私のこの何の役にも立たない欠点だらけの性格を?


「あんたのやったことは確かにマニュアル違反のオンパレードだったわ。でも結果として真実を暴いた。それはあんたの、そのクソ真面目な性格が嘘や欺瞞を許せなかったからでしょ?」

「……」

「だったらそれを貫き通しなさいよ。中途半端にプロのフリなんてするんじゃないわよ。あんたは、あんたのやり方で、この仕事と向き合うしかないの。
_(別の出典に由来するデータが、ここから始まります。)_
lemma abs_contrast_lin_le:
  assumes h: "0 < h" and A: "A \<subseteq> {1..T}" and T: "0 < T" and "0 \<le> \<gamma>"
    and small: "\<And>i j. i \<in> A \<Longrightarrow> kernel_weight K h i j \<le> \<gamma> / real T"
  shows "\<bar>contrast_lin T h A j\<bar> \<le> (4 * B * \<gamma> + 2 * B) / real T"
proof -
  note w = weight_nonneg[OF h]
  have finA: "finite A" using A finite_subset by blast
  have "\<bar>\<Sum>i\<in>A. (2 * smoothed_trend T h i - 2 * trend T i) * kernel_weight K h i j\<bar>
      \<le> (\<Sum>i\<in>A. 4 * B * (\<gamma> / real T))"
  proof (rule order_trans[OF sum_abs sum_mono])
    fix i assume i: "i \<in> A"
    have "\<bar>2 * smoothed_trend T h i - 2 * trend T i\<bar> \<le> 4 * B"
      using abs_smoothed_trend_le[OF h, of T i] abs_trend_le[of T i] by linarith
    then show "\<bar>(2 * smoothed_trend T h i - 2 * trend T i) * kernel_weight K h i j\<bar> \<le> 4 * B * (\<gamma> / real T)"
      unfolding abs_mult using w small[OF i] B_nonneg by (intro mult_mono) auto
  qed
  also have "\<dots> = real (card A) * (4 * B * (\<gamma> / real T))"
    by simp
  also have "\<dots> \<le> real T * (4 * B * (\<gamma> / real T))"
    using card_mono[OF _ A] B_nonneg \<open>0 \<le> \<gamma>\<close> by (intro mult_right_mono) auto
  also have "\<dots> = 4 * B * \<gamma>"
    using T by simp
  finally have S: "\<bar>\<Sum>i\<in>A. (2 * smoothed_trend T h i - 2 * trend T i) * kernel_weight K h i j\<bar> \<le> 4 * B * \<gamma>" .
  have D: "\<bar>if j \<in> A then 2 * smoothed_trend T h j else 0\<bar> \<le> 2 * B"
    using abs_smoothed_trend_le[OF h, of T j] B_nonneg by auto
  have "\<bar>contrast_lin T h A j\<bar> = \<bar>(\<Sum>i\<in>A. (2 * smoothed_trend T h i - 2 * trend T i) * kernel_weight K h i j)
      - (if j \<in> A then 2 * smoothed_trend T h j else 0)\<bar> / real T"
    unfolding contrast_lin_def sum_subtractf sum.delta[OF finA] by simp
  also have "\<dots> \<le> (4 * B * \<gamma> + 2 * B) / real T"
    using S D abs_triangle_ineq4 by (intro divide_right_mono) (blast intro: order_trans add_mono, simp)
  finally show ?thesis .
qed
lemma tau_image:
  assumes "inj f" shows "tau (image f ` \<F>) = tau \<F>"
proof -
  let ?sizes = "\<lambda>\<G>. {card T |T. finite T \<and> transversal T \<G>}"
  have "?sizes \<F> \<subseteq> ?sizes (image f ` \<F>)"
  proof
    fix n assume "n \<in> ?sizes \<F>"
    then obtain T where "n = card T" "finite T" "transversal T \<F>"
      by blast
    then have "n = card (f ` T)" "finite (f ` T)" "transversal (f ` T) (image f ` \<F>)"
      using assms by (auto simp: card_image inj_on_subset image_Int[symmetric])
    then show "n \<in> ?sizes (image f ` \<F>)"
      by blast
  qed
  moreover have "\<exists>n'\<in>?sizes \<F>. n' \<le> n" if n: "n \<in> ?sizes (image f ` \<F>)" for n
  proof -
    obtain T where T: "n = card T" "finite T" "transversal T (image f ` \<F>)"
      using n by blast
    have "card (f -` T) \<le> card T"
      using card_vimage_inj_on_le[OF _ T(2), of f UNIV] assms by simp
    moreover have "finite (f -` T)" "transversal (f -` T) \<F>"
      using T assms by (auto intro: finite_vimageI)
    ultimately show ?thesis
      using T(1) by blast
  qed
  ultimately have "Inf (?sizes \<F>) = Inf (?sizes (image f ` \<F>))"
    by (rule Inf_nat_eq_if_dominated)
  then show ?thesis
    unfolding tau_def by (rule sym)
qed

lemma card_avoiding_image:
  assumes "inj f"
  shows "card {F' \<in> image f ` \<F>. F' \<inter> f ` S = {}} = card {F \<in> \<F>. F \<inter> S = {}}"
proof -
  have "{F' \<in> image f ` \<F>. F' \<inter> f ` S = {}} = image f ` {F \<in> \<F>. F \<inter> S = {}}"
    using assms by (auto simp: image_Int[symmetric] dest: injD)
  moreover have "inj_on (image f) X" for X
    using assms by (simp add: inj_on_def inj_image_eq_iff)
  ultimately show ?thesis
    by (simp add: card_image)
qed

lemma gamma_image:
  assumes "inj f" shows "gamma j (f ` Z) (image f ` \<F>) = gamma j Z \<F>"
proof -
  have "{card {F' \<in> image f ` \<F>. F' \<inter> S' = {}} |S'. S' \<subseteq> f ` Z \<and> card S' = j}
      = {card {F \<in> \<F>. F \<inter> S = {}} |S. S \<subseteq> Z \<and> card S = j}" (is "?L = ?R")
  proof (intro equalityI subsetI)
    fix n assume "n \<in> ?L"
    then obtain S' where S': "n = card {F' \<in> image f ` \<F>. F' \<inter> S' = {}}" "S' \<subseteq> f ` Z" "card S' = j"
      by blast
    define S where "S = f -` S'"
    have "S' = f ` S" "S \<subseteq> Z"
      using S'(2) assms by (auto simp: S_def dest: injD)
    moreover have "card S = j"
      using S' card_vimage_inj[OF assms, of S'] by (auto simp: S_def)
    ultimately show "n \<in> ?R"
      using S'(1) card_avoiding_image[OF assms] by auto
  next
    fix n assume "n \<in> ?R"
    then obtain S where S: "n = card {F \<in> \<F>. F \<inter> S = {}}" "S \<subseteq> Z" "card S = j"
      by blast
    then have "n = card {F' \<in> image f ` \<F>. F' \<inter> f ` S = {}}" "card (f ` S) = j"
      using assms by (simp_all add: card_avoiding_image card_image inj_on_subset)
    then show "n \<in> ?L"
      using S(2) by blast
  qed
  then show ?thesis
    unfolding gamma_def by simp
qed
不器用で遠回りで傷だらけになる、そんないばらの道だけどね」


ママの言葉は矛盾していた。

冷たく突き放しているようで、でもその奥には確かな熱がこもっている。

それは叱咤でありそして激励でもあった。


彼女は私を見捨ててはいなかった。

それどころか、私という人間の本質を誰よりも深く理解してくれていた。


「さあ、どうする? 眠夢」

ママは私からすっと身を引いた。

「ここで全部投げ出して、またあの薄暗いアパートでお祈りメールを待つ日々に戻るか。それとも、腹を括ってこのどうしようもない地獄で、あんただけの『正義』を探してみるか」


選択肢はまたしても、二つ。

でもその意味は数週間前とはまったく違って聞こえた。


私は何も答えられなかった。

頭がぐちゃぐちゃで心がバラバラで。

どうすればいいのか、まったくわからなかった。


「……ま、せいぜいゆっくり考えることね」

ママはそれだけ言うと私に背を向けた。

そして屋上の出口に向かって歩き出す。


その去り際に彼女は一度だけ足を止めて、振り返らずに言った。


「言っとくけど、あんたもうプロよ」

「……え?」

「人の心を覗く、この最高に楽しくて、最低な地獄へようこそ」


その言葉を残して、ママの姿は扉の向こうへと消えていった。

一人、屋上に残された私。

夜風がやけに冷たかった。


突き放された、絶望。

でも心のどこかで感じてしまう奇妙な高揚感。

「お前は、ここで終わる人間じゃない」

そう、言われたような気がして。


私は一体どうしたいんだろう。

この地獄のような職場で、私は何を探しているんだろう。


答えはまだ闇の中。

ただ一つだけ確かなこと。

私の本当の戦いは今まさに始まろうとしていた。